Equestrian performance sports date back to ancient times, from horse racing in the 12th century up until the debut of horse riding in the Summer Olympics in 1900. As history will show, mankind have had a need for horses for centuries, they were once used as a reliable method of transport and are now often found in domestic farms.
In modern day, different breeds of horse are relied upon for various disciplines such as Dressage, Eventing and Jump racing. An Irish Sport, Dutch Warmblood, Thoroughbred and Irish Draught are four breeds that are utilised across a variety of industries because of their anatomy, physical characteristics and competitive abilities.
James Prosser, Co-founder of My Racing said: “With an ever expanding user base, we wanted to create an educational resource about horses that will provide every one of our customers with the information they require to make an informed betting decision.”
But when it comes down to betting, would you be able to tell different breeds part? More importantly, would you know what to look for in a winner?
Equestrian sports such as Dressage, often require a Dutch Warmblood for success. The breed has long forearms, powerful hindquarters, and they are always in harmony with their rider. Their reliable and calm nature makes them the ideal breed for the sport.
Summer 2016 silver medalist, Spencer Wilton, competes in Dressage and has experience working with Dutch Warmbloods. When interviewed by myracing.com, Wilton said that their most important personality trait is sensitivity, and that he looks for the straightness in their limbs and the way that transfers to movement.
When building a confident relationship, Wilton said that it depends on the horse. Sometimes it can be instant and other times it can take months.
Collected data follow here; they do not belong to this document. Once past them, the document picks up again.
section \<open>Systems of parameters and the nullcone\<close>

lemma monic_poly_fun_not_identically_zero:
  fixes K :: "nat \<Rightarrow> 'a :: {idom, ring_char_0}"
  shows "\<exists>z. z ^ n + (\<Sum>j<n. K j * z ^ j) \<noteq> 0"
proof (rule ccontr)
  define P where "P = monom 1 n + (\<Sum>j<n. monom (K j) j)"
  assume "\<nexists>z. z ^ n + (\<Sum>j<n. K j * z ^ j) \<noteq> 0"
  hence "poly P z = 0" for z by (simp add: P_def poly_sum poly_monom)
  hence "P = 0" using poly_all_0_iff_0 by blast
  moreover have "coeff P n = 1" by (simp add: P_def coeff_sum coeff_monom)
  ultimately show False by simp
qed

text \<open>The common zeros of a system of parameters lie in the nullcone.\<close>

lemma integral_over_gen_alg_vanishes:
  assumes fs: "\<forall>g\<in>set fs. \<exists>d>0. homog_poly n d g \<and> g v = 0"
    and f: "homog_poly m e f" "0 < e" "integral_over (gen_alg fs) f"
  shows "f v = 0"
proof (rule ccontr)
  assume "f v \<noteq> 0"
  have fs_ray: "(fs ! i) (\<lambda>k. t * v k) = 0" if "i < length fs" for i t
    using fs nth_mem[OF that] homog_poly_scale by fastforce
  obtain N cs where cs: "\<forall>j<N. cs j \<in> gen_alg fs" "\<forall>u. f u ^ N + (\<Sum>j<N. cs j u * f u ^ j) = 0"
    using f(3) unfolding integral_over_def by blast
  have cs_ray: "cs j (\<lambda>k. t * v k) = cs j (\<lambda>k. 0 * v k)" if "j < N" for j t
  proof -
    obtain A c where "cs j = poly_comp fs A c" using cs(1) \<open>j < N\<close> unfolding gen_alg_def by blast
    thus ?thesis by (simp add: poly_comp_def fs_ray fs_ray[where t = 0, simplified])
  qed
  have "z ^ N + (\<Sum>j<N. cs j (\<lambda>k. 0 * v k) * z ^ j) = 0" for z
  proof -
    obtain t where "t ^ e = z / f v" using nth_root_exists f(2) by blast
    hence "f (\<lambda>k. t * v k) = z" using homog_poly_scale[OF f(1)] \<open>f v \<noteq> 0\<close> by simp
    thus ?thesis using cs(2)[rule_format, of "\<lambda>k. t * v k"] cs_ray by simp
  qed
  thus False using monic_poly_fun_not_identically_zero[of N "\<lambda>j. cs j (\<lambda>k. 0 * v k)"] by blast
qed

section \<open>A sextic invariant not vanishing at p0\<close>

text \<open>\<open>cov0 x\<^sup>2 + cov1 x y + cov2 y\<^sup>2\<close> is a joint covariant of the linear and the quartic form:
  its coefficients transform like those of a binary quadratic, up to the factor \<open>det\<^sup>2\<close>.\<close>

definition cov0 :: "(nat \<Rightarrow> complex) \<Rightarrow> complex" where
  "cov0 v = 12 * v 1^2 * v 5 - 6 * v 0 * v 1 * v 6 + 2 * v 0^2 * v 7"
definition cov1 :: "(nat \<Rightarrow> complex) \<Rightarrow> complex" where
  "cov1 v = 6 * v 1^2 * v 6 - 8 * v 0 * v 1 * v 7 + 6 * v 0^2 * v 8"
definition cov2 :: "(nat \<Rightarrow> complex) \<Rightarrow> complex" where
  "cov2 v = 2 * v 1^2 * v 7 - 6 * v 0 * v 1 * v 8 + 12 * v 0^2 * v 9"

definition Delta :: "(nat \<Rightarrow> complex) \<Rightarrow> complex" where
  "Delta v = cov1 v ^ 2 - 4 * cov0 v * cov2 v"

lemma Delta_invariant:
  assumes "act_rel (a,b,c,d) v w" "a * d - b * c = 1"
  shows "Delta w = Delta v"
proof -
  note W = act_rel_coords[OF assms(1)]
  have cov0_w: "cov0 w = (a*d-b*c)^2 * (cov0 v * a^2 + cov1 v * a * c + cov2 v * c^2)"
    unfolding cov0_def cov1_def cov2_def W by algebra
  have cov1_w: "cov1 w = (a*d-b*c)^2 * (2 * cov0 v * a * b + cov1 v * (a * d + b * c) + 2 * cov2 v * c * d)"
    unfolding cov0_def cov1_def cov2_def W by algebra
  have cov2_w: "cov2 w = (a*d-b*c)^2 * (cov0 v * b^2 + cov1 v * b * d + cov2 v * d^2)"
    unfolding cov0_def cov1_def cov2_def W by algebra
  have "Delta w = (a*d-b*c)^6 * Delta v"
    unfolding Delta_def cov0_w cov1_w cov2_w by algebra
  thus ?thesis using assms(2) by simp
qed

lemma homog_poly_Delta: "homog_poly 10 6 Delta"
proof -
  have var: "homog_poly 10 1 (\<lambda>v. v i)" if "i < 10" for i using homog_poly_var that .
  have cubic: "homog_poly 10 3 (\<lambda>v. k * (v i * (v j * v l)))"
    if "i < 10" "j < 10" "l < 10" for i j l k
    by (rule homog_poly_const_mult, rule homog_poly_mult[OF var[OF that(1)]
          homog_poly_mult[OF var[OF that(2)] var[OF that(3)]]]) auto
  have "homog_poly 10 3 (\<lambda>v. 12 * (v 1 * (v 1 * v 5)) + ((-6) * (v 0 * (v 1 * v 6)) + 2 * (v 0 * (v 0 * v 7))))"
    "homog_poly 10 3 (\<lambda>v. 6 * (v 1 * (v 1 * v 6)) + ((-8) * (v 0 * (v 1 * v 7)) + 6 * (v 0 * (v 0 * v 8))))"
    "homog_poly 10 3 (\<lambda>v. 2 * (v 1 * (v 1 * v 7)) + ((-6) * (v 0 * (v 1 * v 8)) + 12 * (v 0 * (v 0 * v 9))))"
    by (intro homog_poly_add cubic; simp)+
  moreover have "cov0 = (\<lambda>v. 12 * (v 1 * (v 1 * v 5)) + ((-6) * (v 0 * (v 1 * v 6)) + 2 * (v 0 * (v 0 * v 7))))"
    "cov1 = (\<lambda>v. 6 * (v 1 * (v 1 * v 6)) + ((-8) * (v 0 * (v 1 * v 7)) + 6 * (v 0 * (v 0 * v 8))))"
    "cov2 = (\<lambda>v. 2 * (v 1 * (v 1 * v 7)) + ((-6) * (v 0 * (v 1 * v 8)) + 12 * (v 0 * (v 0 * v 9))))"
    by (auto simp: cov0_def cov1_def cov2_def power2_eq_square algebra_simps)
  ultimately have "homog_poly 10 3 cov0" "homog_poly 10 3 cov1" "homog_poly 10 3 cov2"
    by simp_all
  hence "homog_poly 10 6 (\<lambda>v. cov1 v * cov1 v + (-4) * (cov0 v * cov2 v))"
    by (intro homog_poly_add homog_poly_const_mult homog_poly_mult) auto
  moreover have "Delta = (\<lambda>v. cov1 v * cov1 v + (-4) * (cov0 v * cov2 v))"
    by (auto simp: Delta_def power2_eq_square)
  ultimately show ?thesis by simp
qed

lemma Delta_in_inv_ring: "Delta \<in> inv_ring"
  unfolding inv_ring_def SL2_def using homog_poly_imp_poly_fun[OF homog_poly_Delta] Delta_invariant
  by auto

lemma Delta_p0: "Delta p0 = 576"
  by (simp add: Delta_def cov0_def cov1_def cov2_def p0_def)

section \<open>Invariants of degree 2 to 5 vanish at p0\<close>

lemma primitive_root_of_unity:
  assumes "0 < n"
  shows "\<exists>w :: complex. w ^ n = 1 \<and> (\<forall>k. w ^ k = 1 \<longrightarrow> n dvd k)"
proof (intro exI conjI allI impI)
  let ?w = "cis (2 * pi / real n)"
  have pow: "?w ^ k = cis (2 * pi * real k / real n)" for k
    by (simp add: DeMoivre mult.commute)
  show "?w ^ n = 1" using assms by (simp add: pow)
  fix k assume "?w ^ k = 1"
  moreover have "?w ^ k = (?w ^ n) ^ (k div n) * ?w ^ (k mod n)"
    by (simp flip: power_mult power_add)
  ultimately have eq: "cis (2 * pi * real (k mod n) / real n) = cis (2 * pi * real 0 / real n)"
    using \<open>?w ^ n = 1\<close> by (simp add: pow)
  have inj: "inj_on (\<lambda>k. cis (2 * pi * real k / real n)) {..<n}"
    using bij_betw_roots_unity[OF assms] by (rule bij_betw_imp_inj_on)
  have "k mod n = 0"
    by (rule inj_onD[OF inj eq]) (use assms in auto)
  thus "n dvd k" by (simp add: dvd_eq_mod_eq_0)
qed

text \<open>\<open>diag(t, 1/t)\<close> multiplies the coefficient of \<open>x^(k-j) y^j\<close> by \<open>t^(k-2j)\<close>.\<close>

definition torus_act :: "complex \<Rightarrow> (nat \<Rightarrow> complex) \<Rightarrow> (nat \<Rightarrow> complex)" where
  "torus_act t v = (\<lambda>k. if k = 0 then t * v 0 else if k = 1 then v 1 / t else if k = 2 then t^2 * v 2
     else if k = 3 then v 3 else if k = 4 then v 4 / t^2 else if k = 5 then t^4 * v 5
     else if k = 6 then t^2 * v 6 else if k = 7 then v 7 else if k = 8 then v 8 / t^2
     else if k = 9 then v 9 / t^4 else v k)"

lemma act_rel_torus_act: "t \<noteq> 0 \<Longrightarrow> act_rel (t, 0, 0, 1/t) v (torus_act t v)"
  unfolding act_rel_def form1_def form2_def form4_def binform_1 binform_2 binform_4 torus_act_def
  by (simp add: field_simps power2_eq_square power3_eq_cube power4_eq_xxxx eval_nat_numeral)

lemma inv_ring_vanishes_if_torus_scales:
  assumes "f \<in> inv_ring" "homog_poly n d f"
    and "t \<noteq> 0" "torus_act t v = (\<lambda>k. t * v k)" "t ^ d \<noteq> 1"
  shows "f v = 0"
proof -
  have "f v = f (torus_act t v)"
    using inv_ring_invariant[OF assms(1) _ act_rel_torus_act[OF assms(3)]] assms(3) by simp
  also have "\<dots> = t ^ d * f v"
    using homog_poly_scale[OF assms(2)] assms(4) by simp
  finally show ?thesis using assms(5) by (metis mult_cancel_right1)
qed

definition quartic_xy3 :: "nat \<Rightarrow> complex" where
  "quartic_xy3 = (\<lambda>k. if k = 8 then 1 else 0)"
definition quartic_y4 :: "nat \<Rightarrow> complex" where
  "quartic_y4 = (\<lambda>k. if k = 9 then 1 else 0)"
definition quartic_cx_y4 :: "complex \<Rightarrow> nat \<Rightarrow> complex" where
  "quartic_cx_y4 c = (\<lambda>k. if k = 5 then c^4 else if k = 6 then 4*c^3 else if k = 7 then 6*c^2
      else if k = 8 then 4*c else if k = 9 then 1 else 0)"

lemma p0_eq_x_plus: "p0 = x_plus quartic_xy3 4"
  by (auto simp: p0_def x_plus_def quartic_xy3_def)

lemma torus_act_x_plus_xy3:
  "t \<noteq> 0 \<Longrightarrow> torus_act t (x_plus quartic_xy3 u) = (\<lambda>k. t * x_plus quartic_xy3 (u / t^3) k)"
  by (simp add: fun_eq_iff torus_act_def x_plus_def quartic_xy3_def field_simps
      power2_eq_square power3_eq_cube)

lemma torus_act_x_plus_y4:
  "t \<noteq> 0 \<Longrightarrow> torus_act t (x_plus quartic_y4 u) = (\<lambda>k. t * x_plus quartic_y4 (u / t^5) k)"
  by (simp add: fun_eq_iff torus_act_def x_plus_def quartic_y4_def field_simps
      power2_eq_square power3_eq_cube power4_eq_xxxx eval_nat_numeral)

lemma act_rel_shear_x_plus_y4: "act_rel (1, 0, c, 1) (x_plus quartic_y4 s) (x_plus (quartic_cx_y4 c) s)"
  unfolding act_rel_def form1_def form2_def form4_def binform_1 binform_2 binform_4
    x_plus_def quartic_y4_def quartic_cx_y4_def
  by (simp add: algebra_simps power2_eq_square power3_eq_cube power4_eq_xxxx eval_nat_numeral)

lemma inv_ring_vanishes_at_p0_if_not_3_dvd:
  assumes "f \<in> inv_ring" "homog_poly n d f" "\<not> 3 dvd d"
  shows "f p0 = 0"
proof -
  obtain w :: complex where w: "w ^ 3 = 1" "\<forall>k. w ^ k = 1 \<longrightarrow> 3 dvd k"
    using primitive_root_of_unity[of 3] by auto
  hence "w \<noteq> 0" by auto
  have "4 / w^2 = w * 4"
    using w(1) \<open>w \<noteq> 0\<close> by (simp add: divide_eq_eq power3_eq_cube power2_eq_square mult.assoc)
  hence "torus_act w p0 = (\<lambda>k. w * p0 k)"
    by (simp add: fun_eq_iff torus_act_def p0_def)
  thus ?thesis
    using inv_ring_vanishes_if_torus_scales[OF assms(1,2) \<open>w \<noteq> 0\<close>] w(2) assms(3) by blast
qed

lemma inv_ring_deg3_linear_along_xy3:
  assumes f: "f \<in> inv_ring" "homog_poly n 3 f"
  shows "f (x_plus quartic_xy3 s) = s * f (x_plus quartic_xy3 1)"
proof (cases "s = 0")
  case True
  have "(2::complex) ^ 3 \<noteq> 1" by simp
  thus ?thesis using inv_ring_vanishes_if_torus_scales[OF f, of 2] torus_act_x_plus_xy3[of 2 0] True
    by simp
next
  case False
  obtain t :: complex where t: "t ^ 3 = s" using nth_root_exists[of 3 s] by auto
  hence "t \<noteq> 0" using False by auto
  have "f (x_plus quartic_xy3 s) = f (torus_act t (x_plus quartic_xy3 s))"
    using inv_ring_invariant[OF f(1) _ act_rel_torus_act[OF \<open>t \<noteq> 0\<close>]] \<open>t \<noteq> 0\<close> by simp
  also have "\<dots> = s * f (x_plus quartic_xy3 1)"
    using homog_poly_scale[OF f(2)] torus_act_x_plus_xy3[OF \<open>t \<noteq> 0\<close>] t False by simp
  finally show ?thesis .
qed

lemma inv_ring_deg3_vanishes_along_y4:
  assumes f: "f \<in> inv_ring" "homog_poly n 3 f"
  shows "f (x_plus quartic_y4 s) = 0"
proof -
  obtain t :: complex where t: "t ^ 5 = 1" "\<forall>k. t ^ k = 1 \<longrightarrow> 5 dvd k"
    using primitive_root_of_unity[of 5] by auto
  hence "t \<noteq> 0" by auto
  moreover have "torus_act t (x_plus quartic_y4 s) = (\<lambda>k. t * x_plus quartic_y4 s k)"
    using torus_act_x_plus_y4[OF \<open>t \<noteq> 0\<close>] t(1) by simp
  ultimately show ?thesis using inv_ring_vanishes_if_torus_scales[OF f] t(2) by fastforce
qed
For Eventing, which includes Flat racing, an Irish Sport horse is often used. They have a great amount of endurance, and a muscular croup that is often sloping to improve their jumping ability. The breed are bred for their trainability and willingness to work.
An Irish Sport is a cross between a Thoroughbred and an Irish Draught. The breed encompases the characteristics of both horses, such as the Irish Draught’s jumping abilities, which makes them a strong species for the sport.
Jump racing, also known as National Hunt racing is often seen on race courses such as Royal Ascot. It involves a horse jumping over hurdles while taking part in a race. For this particular style of racing a Thoroughbred is often used.
Speaking to myracing.com, eight-time champion jockey Peter Scudamore MBE, who has ridden 1,678 winning horses in his career said that he looks for bravery, athleticism and a strong jumping ability in the horses that he competes with.
In terms of physiological attributes, the most important feature that Scudamore looks for is a large and powerful heart to ensure the horse has a natural advantage over its competitors.
An Irish Draught is often used for traditional purposes such as farm work, and are known for their willing nature and taking care of their owner.
When you next attend a racing event, whether it is ladies day or at the next Olympic Games, keep your eyes peeled for each breed as they might contribute towards you receiving a big win.